| Exercise aim |
Filter this material down to the lines that contain the string "linarith", and return those lines.
== Records provided ==
lemma pi_half_minus_arctan_cot:
  assumes "sin p \<noteq> 0"
  obtains k :: int where "p = pi/2 - arctan (cot p) + of_int k * pi"
proof -
  obtain k :: int where "arctan (tan (pi/2 - p)) = pi/2 - p - of_int k * pi"
    using arctan_tan_eq_abs_pi[of "pi/2 - p"] assms by (auto simp: cos_diff)
  then show ?thesis
    using that[of "- k"] by (simp add: tan_cot')
qed

definition Phi :: "pt \<Rightarrow> pt" where
  "Phi = (\<lambda>(p, th, s, t). (pi/2 + arctan s, th, t, cot p))"

definition Phi_inv :: "pt \<Rightarrow> pt" where
  "Phi_inv = (\<lambda>(p, th, s, t). (pi/2 - arctan t, th, - cot p, s))"

lemma smooth_on_MZ_tuple:
  assumes "f1 \<in> elementary_MZ" "f2 \<in> elementary_MZ" "f3 \<in> elementary_MZ" "f4 \<in> elementary_MZ"
  shows "smooth_on MZ (\<lambda>x. (f1 x, f2 x, f3 x, f4 x))"
  by (intro smooth_on_Pair open_MZ smooth_on_elementary_MZ assms)

lemma Phi_altdef:
  "Phi = (\<lambda>x. (pi/2 + arctan (fst (snd (snd x))), fst (snd x), snd (snd (snd x)),
    cos (fst x) * inverse (sin (fst x))))"
  unfolding Phi_def cot_def divide_inverse case_prod_beta ..

lemma smooth_on_Phi: "smooth_on MZ Phi"
  unfolding Phi_altdef by (intro smooth_on_MZ_tuple elementary_MZ.intros)

lemma smooth_on_Phi_inv: "smooth_on MZ Phi_inv"
proof -
  \<comment> \<open>\<open>(-1) * _\<close> rather than \<open>- _\<close>, to match the generators of elementary_MZ\<close>
  have Phi_inv_altdef: "Phi_inv = (\<lambda>x. (pi/2 + (-1) * arctan (snd (snd (snd x))), fst (snd x),
      (-1) * cos (fst x) * inverse (sin (fst x)), fst (snd (snd x))))"
    unfolding Phi_inv_def cot_def divide_inverse case_prod_beta by simp
  show ?thesis
    unfolding Phi_inv_altdef by (intro smooth_on_MZ_tuple elementary_MZ.intros)
qed

lemma image_Phi_MZ: "Phi ` MZ \<subseteq> MZ"
  by (auto simp: MZ_def Phi_def sin_add)

lemma image_Phi_inv_MZ: "Phi_inv ` MZ \<subseteq> MZ"
  by (auto simp: MZ_def Phi_inv_def sin_diff)

lemma same_pt_Phi: "same_pt x y \<Longrightarrow> same_pt (Phi x) (Phi y)"
  by (cases x, cases y) (auto simp: same_pt_def Phi_def cot_add_of_int_pi intro: exI[of _ 0])

lemma same_pt_Phi_inv: "same_pt x y \<Longrightarrow> same_pt (Phi_inv x) (Phi_inv y)"
  by (cases x, cases y) (auto simp: same_pt_def Phi_inv_def cot_add_of_int_pi intro: exI[of _ 0])

lemma same_pt_add_of_int_pi: "same_pt (p, th, s, t) (p + of_int k * pi, th, s, t)"
  by (auto simp: same_pt_def)

lemma same_pt_Phi_inv_Phi: "x \<in> MZ \<Longrightarrow> same_pt (Phi_inv (Phi x)) x"
proof (cases x)
  case (fields p th s t)
  assume "x \<in> MZ"
  then obtain k :: int where k: "p = pi/2 - arctan (cot p) + of_int k * pi"
    using pi_half_minus_arctan_cot fields by (auto simp: MZ_def)
  have "Phi_inv (Phi x) = (pi/2 - arctan (cot p), th, s, t)"
    by (simp add: fields Phi_def Phi_inv_def cot_pi_half_plus_arctan)
  then show ?thesis
    using same_pt_add_of_int_pi[of "pi/2 - arctan (cot p)" th s t k] k fields by metis
qed

lemma same_pt_Phi_Phi_inv: "x \<in> MZ \<Longrightarrow> same_pt (Phi (Phi_inv x)) x"
proof (cases x)
  case (fields p th s t)
  assume "x \<in> MZ"
  then obtain k :: int where k: "p = pi/2 - arctan (cot p) + of_int k * pi"
    using pi_half_minus_arctan_cot fields by (auto simp: MZ_def)
  have "Phi (Phi_inv x) = (pi/2 - arctan (cot p), th, s, t)"
    by (simp add: fields Phi_def Phi_inv_def cot_pi_half_minus_arctan arctan_minus)
  then show ?thesis
    using same_pt_add_of_int_pi[of "pi/2 - arctan (cot p)" th s t k] k fields by metis
qed

lemma Phi_has_derivative:
  assumes "sin p \<noteq> 0"
  shows "(Phi has_derivative (\<lambda>(dp, dth, ds, dt). (ds / (1 + s\<^sup>2), dth, dt, - dp / (sin p)\<^sup>2)))
    (at (p, th, s, t))"
proof -
  have pythagoras: "cos p * cos p + sin p * sin p = 1"
    using sin_cos_squared_add3[of p] by linarith
  show ?thesis
    unfolding Phi_altdef using assms
    by (auto intro!: derivative_eq_intros ext simp: divide_simps power2_eq_square add_pos_nonneg)
      (simp add: algebra_simps, simp add: pythagoras flip: distrib_left)
qed

lemma divide_sin_pi_half_plus_arctan_squared: "y / (sin (pi/2 + arctan s))\<^sup>2 = (1 + s\<^sup>2) * y"
  by (simp add: sin_add cos_arctan power_divide)

lemma omega2_Phi_pullback:
  assumes "x \<in> MZ"
  shows "omega2 (Phi x) (frechet_derivative Phi (at x) v) (frechet_derivative Phi (at x) w)
    = omega1 x v w"
proof (cases x)
  case (fields p th s t)
  with assms have "sin p \<noteq> 0" by (simp add: MZ_def)
  then have D: "frechet_derivative Phi (at (p, th, s, t))
      = (\<lambda>(dp, dth, ds, dt). (ds / (1 + s\<^sup>2), dth, dt, - dp / (sin p)\<^sup>2))"
    by (rule frechet_derivative_at[OF Phi_has_derivative, symmetric])
  have "1 + s\<^sup>2 \<noteq> 0" using zero_le_power2[of s] by linarith
  with \<open>sin p \<noteq> 0\<close> show ?thesis
    unfolding fields D
    by (cases v, cases w)
      (simp add: Phi_def omega1_def omega2_def divide_sin_pi_half_plus_arctan_squared,
        simp add: diff_divide_distrib right_diff_distrib)
qed

theorem lemmaA2:
  shows "symplectomorphic_MZ omega1 omega2"
  unfolding symplectomorphic_MZ_def
proof (intro exI conjI ballI allI impI)
  show "smooth_on MZ Phi" "smooth_on MZ Phi_inv"
    by (fact smooth_on_Phi smooth_on_Phi_inv)+
  show "Phi ` MZ \<subseteq> MZ" "Phi_inv ` MZ \<subseteq> MZ"
    by (fact image_Phi_MZ image_Phi_inv_MZ)+
  fix x y assume "same_pt x y"
  then show "same_pt (Phi x) (Phi y)" "same_pt (Phi_inv x) (Phi_inv y)"
    by (fact same_pt_Phi same_pt_Phi_inv)+
next
  fix x v w assume "x \<in> MZ"
  then show "same_pt (Phi_inv (Phi x)) x" "same_pt (Phi (Phi_inv x)) x"
    and "omega2 (Phi x) (frechet_derivative Phi (at x) v) (frechet_derivative Phi (at x) w)
      = omega1 x v w"
    by (fact same_pt_Phi_inv_Phi same_pt_Phi_Phi_inv omega2_Phi_pullback)+
qed

end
===
| Exercise output |
    using sin_cos_squared_add3[of p] by linarith
  have "1 + s\<^sup>2 \<noteq> 0" using zero_le_power2[of s] by linarith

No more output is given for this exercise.